The religious condition of England at this time was truly deplorable. " The Churchmen," says Strype, in his Life of Parker, "heaped up many benefices upon themselves, and resided upon none, neglecting their cures; many of them alienated their lands, made unreasonable leases and wastes of their woods, granted reversions and advowsons to their wives and children, or to others for their use. Churches ran greatly into dilapidations and decays, and were kept nasty and filthy, and indecent for God's worship. Among the laity there was little devotion. The Lord's day was greatly profaned and little observed. The common prayers were not frequented. Some lived without any service of God at all. Many were mere heathens and atheists. The queen's own court was a harbor for epicures and atheists, and a kind of lawless place, because it stood in no parish. Which things made good men fear some sad judgments impending over the nation."

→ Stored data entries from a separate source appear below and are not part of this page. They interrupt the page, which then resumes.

(* Let $f$ be a non-negative multiplicative arithmetic function. Suppose there exist constants $\tau>0$, $C_-$ and $C_+$ such that $$C_-\le\sum_{n\le x}\frac{\Lambda_f(n)}{n}-\tau\log x\le C_+\quad\text{for every real }x\ge1.$$ Then for every $x>\exp(C_+)$, $$\frac{C_f}{\tau}\log^\tau x\,\frac{\left(1-\frac{C_+}{\log x}\right)^{\tau+1}}{1-\frac{C_-}{\log x}}\le\mu_f(x)\le\frac{C_f}{\tau}\log^\tau x\,\frac{\left(1-\frac{C_-}{\log x}\right)^{\tau+1}}{1-\frac{C_+}{\log x}},$$ where $C_f:=\frac1{\Gamma(\tau)}\lim_{s\to1+0}(s-1)^\tau L_f(s)$.
   Context: For a multiplicative $f$ (so $f(1)=1$): $L_f(s)=\sum_{n\ge1}f(n)n^{-s}$; $\mu_f(x)=\sum_{n\le x}f(n)/n$; $\Lambda_f$ is defined by $f(n)\log n=\sum_{d\mid n}f(d)\Lambda_f(n/d)$ for all $n\ge1$ (equivalently $-L_f'/L_f=\sum_n\Lambda_f(n)n^{-s}$ as formal Dirichlet series). $\Gamma$ is the gamma function. *)

theory Defs
  imports "HOL-Analysis.Analysis"
begin

text \<open>Multiplicative arithmetic function (values at 0 are irrelevant).\<close>
definition multiplicative_fn :: "(nat \<Rightarrow> real) \<Rightarrow> bool" where
  "multiplicative_fn f \<longleftrightarrow> f 1 = 1 \<and> (\<forall>m n. coprime m n \<longrightarrow> f (m * n) = f m * f n)"

definition Lambda_f :: "(nat \<Rightarrow> real) \<Rightarrow> nat \<Rightarrow> real" where
  "Lambda_f f = (THE g. g 0 = 0 \<and>
      (\<forall>n\<ge>1. f n * ln (real n) = (\<Sum>d\<in>{d. d dvd n}. f d * g (n div d))))"

text \<open>L_f(s) = sum_{n>=1} f(n) n^{-s} (the n = 0 term is 0).\<close>
definition L_f :: "(nat \<Rightarrow> real) \<Rightarrow> real \<Rightarrow> real" where
  "L_f f s = (\<Sum>n. f n / real n powr s)"

definition mu_f :: "(nat \<Rightarrow> real) \<Rightarrow> real \<Rightarrow> real" where
  "mu_f f x = (\<Sum>n\<in>{1..nat \<lfloor>x\<rfloor>}. f n / real n)"

definition C_f :: "(nat \<Rightarrow> real) \<Rightarrow> real \<Rightarrow> real" where
  "C_f f \<tau> = Lim (at_right 1) (\<lambda>s. (s - 1) powr \<tau> * L_f f s) / Gamma \<tau>"

end

theory Submission
  imports Defs
begin
lemma upper_sum_pushforward:
  assumes h: "bij_betw h A B"
    and iso: "\<And>x y. x \<in> A \<Longrightarrow> y \<in> A \<Longrightarrow> l2 (h x) (h y) \<longleftrightarrow> l1 x y"
  shows "upper_sum B l2 (\<lambda>b. \<Sum>a\<in>{a\<in>A. h a = b}. u a)
    = (\<lambda>b. \<Sum>a\<in>{a\<in>A. h a = b}. upper_sum A l1 u a)"
proof
  fix b
  have fibre: "{a'\<in>A. h a' = h a} = {a}" if "a \<in> A" for a
    using h that unfolding bij_betw_def inj_on_def by auto
  show "upper_sum B l2 (\<lambda>b. \<Sum>a\<in>{a\<in>A. h a = b}. u a) b = (\<Sum>a\<in>{a\<in>A. h a = b}. upper_sum A l1 u a)"
  proof (cases "b \<in> B")
    case True
    then obtain a where a: "a \<in> A" "b = h a"
      using h unfolding bij_betw_def by auto
    have up: "{x\<in>B. l2 (h a) x} = h ` {y\<in>A. l1 a y}"
      using h iso a unfolding bij_betw_def by auto
    have "upper_sum B l2 (\<lambda>b. \<Sum>a\<in>{a\<in>A. h a = b}. u a) b
        = (\<Sum>x\<in>h ` {y\<in>A. l1 a y}. \<Sum>a'\<in>{a'\<in>A. h a' = x}. u a')"
      unfolding upper_sum_def a(2) up[symmetric] using True a by simp
    also have "\<dots> = (\<Sum>y\<in>{y\<in>A. l1 a y}. u y)"
      using h fibre by (subst sum.reindex) (auto simp: bij_betw_def intro: inj_on_subset)
    also have "\<dots> = (\<Sum>a'\<in>{a'\<in>A. h a' = b}. upper_sum A l1 u a')"
      unfolding a(2) fibre[OF a(1)] upper_sum_def using a by simp
    finally show ?thesis .
  next
    case False
    then have empty: "{a\<in>A. h a = b} = {}"
      using h unfolding bij_betw_def by auto
    show ?thesis
      using False unfolding empty upper_sum_def by simp
  qed
qed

To provide a remedy for the ignorance and inefficiency of the clergy, associations were established in different dioceses for the purpose of conducting "prophesyings," as they were called, or private expositions of difficult passages of Scripture. These meetings, however, excited the jealousy of the queen, who issued an order for their suppression. The Parliament seemed to be somewhat disposed to mitigate the sufferings of the Puritans, and in 1572 two bills were passed having that object in view. Encouraged by this movement in their favor, they prepared a full statement of their grievances under the title of an "Admonition to the Parliament;" and in this document, which is understood to have been the production of Cartwright, the Parliament was urged to reform the churches. Instead of obtaining redress, several of the leading Puritans were imprisoned and treated with great severity. The decided opposition which the queen had manifested to all reform in the Church finally led the Puritans to surrender all hope of any legislative act in favor of their views; and being most of them Presbyterians in principle, those of them resident in London and its neighborhood formed themselves into a presbytery, although the step thus taken called forth from the queen another proclamation enforcing uniformity.

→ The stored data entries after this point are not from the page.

lemma edge_dirs_compress:
  assumes "surv p"
  shows "edge_dirs cE (cmap V E p) = edge_dirs E p"
proof (intro set_eqI)
  fix d
  have vertical: "d \<in> edge_dirs cE (cmap V E p) \<longleftrightarrow> d \<in> edge_dirs E p" if "d = (0, 1) \<or> d = (0, -1)"
    using grid_shape.edge_dirs_compress_horizontal[OF transposed, of "prod.swap p" "prod.swap d"]
      that assms
    by (auto simp: survivor_transpose cmap_transpose compress_all_transpose edge_dirs_transpose
        mem_swap_image_iff)
  have "d \<in> edge_dirs cE (cmap V E p) \<Longrightarrow> d \<in> unit_dirs"
    using compressed_edge_unit[of "cmap V E p" "cmap V E p + d"]
    by (simp add: edge_dirs_def unit_dist_iff_unit_dirs)
  moreover have "d \<in> edge_dirs E p \<Longrightarrow> d \<in> unit_dirs" using edge_dirs_unit by blast
  ultimately show "d \<in> edge_dirs cE (cmap V E p) \<longleftrightarrow> d \<in> edge_dirs E p"
    using edge_dirs_compress_horizontal[OF assms, of d] vertical unfolding unit_dirs_def by blast
qed

lemma turning_compress:
  assumes "surv p"
  shows "turning cV cE (cmap V E p) \<longleftrightarrow> turning V E p"
proof -
  have "cmap V E p \<in> cV" and "p \<in> V" using assms by (auto simp: compress_all_def survivor_def)
  thus ?thesis by (simp add: turning_iff_edge_dirs edge_dirs_compress[OF assms])
qed

lemma compressed_vertexE:
  assumes "A \<in> cV"
  obtains w where "surv w" "A = cmap V E w"
  using assms unfolding compress_all_def by auto

lemma hpath_compress:
  assumes sa: "surv (a, y)"
  shows "hpath E y a b \<longleftrightarrow> hpath cE (cy y) (cx a) (cx b)"
proof
  assume h: "hpath E y a b"
  show "hpath cE (cy y) (cx a) (cx b)" unfolding hpath_def
  proof (intro allI impI)
    fix X assume X: "cx a \<le> X \<and> X < cx b"
    then obtain x where x: "a \<le> x" "x < b" "\<not> comp_col V E x" "cx x = X"
      using compress_coord_attains[OF finite_comp_cols] by blast
    have e: "{(x, y), (x + 1, y)} \<in> E" using h x unfolding hpath_def by simp
    hence "surv (x, y)" using edge_endpoints x(3) sa by (auto simp: survivor_def)
    thus "{(X, cy y), (X + 1, cy y)} \<in> cE" using edge_right_compress e x(4) by blast
  qed
next
  assume h: "hpath cE (cy y) (cx a) (cx b)"
  show "hpath E y a b" unfolding hpath_def
  proof (intro allI impI)
    fix x assume x: "a \<le> x \<and> x < b"
    obtain x0 where x0: "x0 < x + 1" "\<not> comp_col V E x0"
      and between: "\<forall>c. x0 < c \<and> c < x + 1 \<longrightarrow> comp_col V E c"
      using prev_non_member[OF finite_comp_cols] by blast
    have "a \<le> x0" using between x sa by (force simp: survivor_def)
    hence "cx a \<le> cx x0" by (simp add: compress_coord_mono[OF finite_comp_cols])
    moreover have "cx x0 < cx b"
      using compress_coord_strict_mono[OF finite_comp_cols _ x0(2)] x0(1) x by simp
    ultimately have "{(cx x0, cy y), (cx x0 + 1, cy y)} \<in> cE" using h unfolding hpath_def by blast
    then obtain a' b' y' where e: "a' < b'" "surv (a', y')" "surv (b', y')" "cx a' = cx x0"
      "cy y' = cy y" "hpath E y' a' b'" by (rule compressed_hedgeE)
    have "a' = x0" using e(2,4) x0(2) compress_coord_eq_iff[OF finite_comp_cols]
      by (simp add: survivor_def)
    moreover have "y' = y" using e(2,5) sa survivor_cy_eq_iff[of "(a', y')" "(a, y)"] by simp
    moreover have "x < b'" using e(1,3) between \<open>a' = x0\<close> by (force simp: survivor_def)
    ultimately show "{(x, y), (x + 1, y)} \<in> E" using e(6) x0(1) unfolding hpath_def by simp
  qed
qed

lemma is_segment_compress_hline:
  assumes ta: "turning V E (a, y)" and tb: "turning V E (b, y)" and ab: "a < b"
  shows "is_segment V E (a, y) (b, y) \<longleftrightarrow> is_segment cV cE (cx a, cy y) (cx b, cy y)"
proof -
  have sa: "surv (a, y)" and sb: "surv (b, y)" using ta tb turning_imp_survivor by auto
  have cab: "cx a < cx b" using compress_coord_strict_mono[OF finite_comp_cols ab] sa
    by (simp add: survivor_def)
  have turn: "turning cV cE (cx x, cy y) \<longleftrightarrow> turning V E (x, y)" if "surv (x, y)" for x
    using turning_compress[OF that] by (simp add: cmap_eq)
  have path: "straight_path E (a, y) (b, y) \<longleftrightarrow> straight_path cE (cx a, cy y) (cx b, cy y)"
    using straight_path_hline[OF ab] straight_path_hline[OF cab] hpath_compress[OF sa] by simp
  have interior: "(\<forall>w\<in>interior_pts (a, y) (b, y). \<not> turning V E w) \<longleftrightarrow>
      (\<forall>w\<in>interior_pts (cx a, cy y) (cx b, cy y). \<not> turning cV cE w)"
    unfolding interior_pts_hline[OF ab] interior_pts_hline[OF cab]
  proof safe
    fix X assume nt: "\<forall>w\<in>{(x, y) |x. a < x \<and> x < b}. \<not> turning V E w"
      and X: "cx a < X" "X < cx b" and t: "turning cV cE (X, cy y)"
    have "(X, cy y) \<in> cV" using t by (simp add: turning_def)
    then obtain w where w: "surv w" "(X, cy y) = cmap V E w" by (rule compressed_vertexE)
    have "snd w = y" using w sa survivor_cy_eq_iff[of w "(a, y)"] by (simp add: cmap_eq)
    moreover have "a < fst w" "fst w < b"
      using w X sa sb survivor_cx_le_iff[of w "(a, y)"] survivor_cx_le_iff[of "(b, y)" w]
      by (auto simp: cmap_eq)
    moreover have "turning V E w" using turning_compress[OF w(1)] t w(2) by simp
    ultimately show False using nt by (cases w) auto
  next
    fix x assume nt: "\<forall>w\<in>{(X, cy y) |X. cx a < X \<and> X < cx b}. \<not> turning cV cE w"
      and x: "a < x" "x < b" and t: "turning V E (x, y)"
    have sx: "surv (x, y)" using t turning_imp_survivor by blast
    have "cx a < cx x" "cx x < cx b"
      using survivor_cx_le_iff[OF sx sa] survivor_cx_le_iff[OF sb sx] x by auto
    thus False using nt turn[OF sx] t by auto
  qed
  show ?thesis unfolding is_segment_def using ta tb turn[OF sa] turn[OF sb] path interior by blast
qed

lemma is_segment_compress_same_row:
  assumes "turning V E u" "turning V E v" "snd u = snd v"
  shows "is_segment V E u v \<longleftrightarrow> is_segment cV cE (cmap V E u) (cmap V E v)"
proof -
  obtain a b y where u: "u = (a, y)" and v: "v = (b, y)"
    using assms(3) by (cases u, cases v) auto
  consider "a < b" | "b < a" | "a = b" by linarith
  thus ?thesis
  proof cases
    case 1
    thus ?thesis using is_segment_compress_hline assms u v by (simp add: cmap_eq)
  next
    case 2
    thus ?thesis using is_segment_compress_hline[OF _ _ 2] assms u v
      is_segment_commute[of V E] is_segment_commute[of cV cE] by (simp add: cmap_eq)
  next
    case 3
    thus ?thesis using u v by (simp add: is_segment_def straight_path_def)
  qed
qed

lemma is_segment_compress:
  assumes tu: "turning V E u" and tv: "turning V E v"
  shows "is_segment V E u v \<longleftrightarrow> is_segment cV cE (cmap V E u) (cmap V E v)"
proof -
  have su: "surv u" and sv: "surv v" using tu tv turning_imp_survivor by auto
  consider "snd u = snd v" | "fst u = fst v" | "fst u \<noteq> fst v" "snd u \<noteq> snd v" by blast
  thus ?thesis
  proof cases
    case 1
    thus ?thesis using is_segment_compress_same_row tu tv by blast
  next
    case 2
    thus ?thesis
      using grid_shape.is_segment_compress_same_row[OF transposed, of "prod.swap u" "prod.swap v"] tu tv
      by (simp add: turning_transpose compress_all_transpose cmap_transpose is_segment_transpose)
  next
    case 3
    hence "fst (cmap V E u) \<noteq> fst (cmap V E v)" "snd (cmap V E u) \<noteq> snd (cmap V E v)"
      using survivor_cx_eq_iff[OF su sv] survivor_cy_eq_iff[OF su sv] by (simp_all add: cmap_eq)
    thus ?thesis using 3 by (simp add: is_segment_def straight_path_def)
  qed
qed

lemma gdist_compress_le: "gdist (cmap V E u) (cmap V E v) \<le> gdist u v"
proof -
  have "\<bar>compress_coord P b - compress_coord P a\<bar> \<le> \<bar>b - a\<bar>" if "finite {c. P c}" for P a b
    using compress_coord_diff_le[OF that, of a b] compress_coord_diff_le[OF that, of b a]
      compress_coord_mono[OF that, of a b] compress_coord_mono[OF that, of b a]
    by (cases "a \<le> b") auto
  thus ?thesis unfolding gdist_def cmap_eq
    using finite_comp_cols finite_comp_rows by (simp add: add_mono nat_mono)
qed

lemma column_occupied_between:
  assumes "(m, w) \<in> (edge_rel E)\<^sup>*" and "m \<in> V" and "fst m \<le> c" and "c \<le> fst w"
  shows "\<exists>y. (c, y) \<in> V"
  using assms
proof (induction arbitrary: c)
  case base
  thus ?case by (metis antisym prod.collapse)
next
  case (step w z)
  hence "z \<in> V" and "unit_dist w z" using edge_endpoints by (auto simp: edge_rel_def)
  hence "\<bar>fst w - fst z\<bar> \<le> 1" using abs_ge_zero[of "snd w - snd z"] unfolding unit_dist_def by linarith
  hence "c \<le> fst w \<or> c = fst z" using step.prems(3) by (auto simp: abs_le_iff)
  thus ?case using step \<open>z \<in> V\<close> by (metis prod.collapse)
qed

lemma finite_turning_points: "finite (turning_points V E)"
  by (rule finite_subset[OF _ finite_V]) (auto simp: turning_points_def turning_def)

lemma survivor_cx_bound:
  assumes sa: "surv (a, y)"
  shows "cx (Min (fst ` V)) \<le> cx a \<and> cx a < cx (Min (fst ` V)) + int (card (turning_points V E))"
proof -
  define xm where "xm = Min (fst ` V)"
  have aV: "(a, y) \<in> V" using sa by (simp add: survivor_def)
  hence "a \<in> fst ` V" by force
  hence "xm \<in> fst ` V" and xa: "xm \<le> a"
    unfolding xm_def using Min_in Min_le finite_V by auto
  then obtain m where m: "m \<in> V" "fst m = xm" by blast
  define D where "D = {c. xm \<le> c \<and> c < a \<and> \<not> comp_col V E c}"
  have "insert a D \<subseteq> fst ` turning_points V E"
  proof
    fix c assume "c \<in> insert a D"
    hence c: "xm \<le> c" "c \<le> a" "\<not> comp_col V E c" using xa sa unfolding D_def survivor_def by auto
    have "(m, (a, y)) \<in> (edge_rel E)\<^sup>*" using connected m aV by blast
    then obtain y' where "(c, y') \<in> V" using column_occupied_between[of m "(a, y)" c] m c by auto
    then obtain y'' where "turning V E (c, y'')" using c(3) unfolding comp_col_def by blast
    thus "c \<in> fst ` turning_points V E" unfolding turning_points_def by force
  qed
  hence "card (insert a D) \<le> card (fst ` turning_points V E)"
    by (simp add: card_mono finite_turning_points)
  also have "\<dots> \<le> card (turning_points V E)"
    using finite_turning_points by (rule card_image_le)
  finally have "card (insert a D) \<le> card (turning_points V E)" .
  moreover have "finite D" unfolding D_def by (rule finite_subset[of _ "{xm..a}"]) auto
  ultimately have "card D < card (turning_points V E)" unfolding D_def by simp
  moreover have "cx a - cx xm = int (card D)"
    unfolding D_def using compress_coord_diff[OF finite_comp_cols xa] .
  ultimately show ?thesis unfolding xm_def by linarith
qed

lemma compressed_cols_bounded:
  "\<exists>x0. \<forall>p\<in>cV. x0 \<le> fst p \<and> fst p < x0 + int (card (turning_points V E))"
proof (intro exI ballI)
  fix p assume "p \<in> cV"
  then obtain w where "surv w" "p = cmap V E w" by (rule compressed_vertexE)
  thus "cx (Min (fst ` V)) \<le> fst p \<and> fst p < cx (Min (fst ` V)) + int (card (turning_points V E))"
    using survivor_cx_bound[of "fst w" "snd w"] by (simp add: cmap_eq)
qed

In 1572, a Presbyterian Church was formed and a meeting-house erected at Wandsworth, in Surrey. Field, the lecturer of Wandsworth, was its first minister; and several names of consideration with the Puritans, including those of Travers and Wilcox, were among its founders. Presbyteries were formed in other parts of the kingdom, and numerous secret meetings were held in private houses, Which gave more alarm to the government, or at least a stronger pretext for severity. Even moderate men began to express anxiety. To meet the danger, the High Court of Commission was now first put in motion. It empowered the queen and her successors, by their letters patent under the great seal, to authorize, whenever they thought fit, and for as long a period as they pleased, a commission of persons, lay or clerical, to exercise all manner of jurisdiction, under the queen and her successors, in spiritual things; and "to order, visit, reform, and redress all heresies, errors, schisms, abuses, contempts, offences, and enormities whatsoever." One of its first acts was the violent suppression of the Presbyterian meeting at Wandsworth; its subsequent labors were of the same character. Notwithstanding these severities, Puritanism continued to increase; for the persecution which does not exterminate a religious party never fails to strengthen it. And while the cause was gaining strength in London, it was taking firm root in the great seats of learning.

The Puritans were now effectually separated from the Church of England, and were organized under a different form of Church polity. But the independent attitude which they had thus assumed rendered them only the more obnoxious to the queen and the HighChurch party. Stronger measures were accordingly adopted to discourage them and destroy their influence; many of them were silenced, imprisoned, banished, and otherwise oppressed. In 1580, an act of Parliament was passed prohibiting the publication of such books or pamphlets as assailed the opinions of the prelates and defended those of the Puritans. This was followed in the same session by another act authorizing the infliction of heavy fines and imprisonment upon those who absented themselves from "church, chapel, or other place where common prayer is said according to the Act of Uniformity."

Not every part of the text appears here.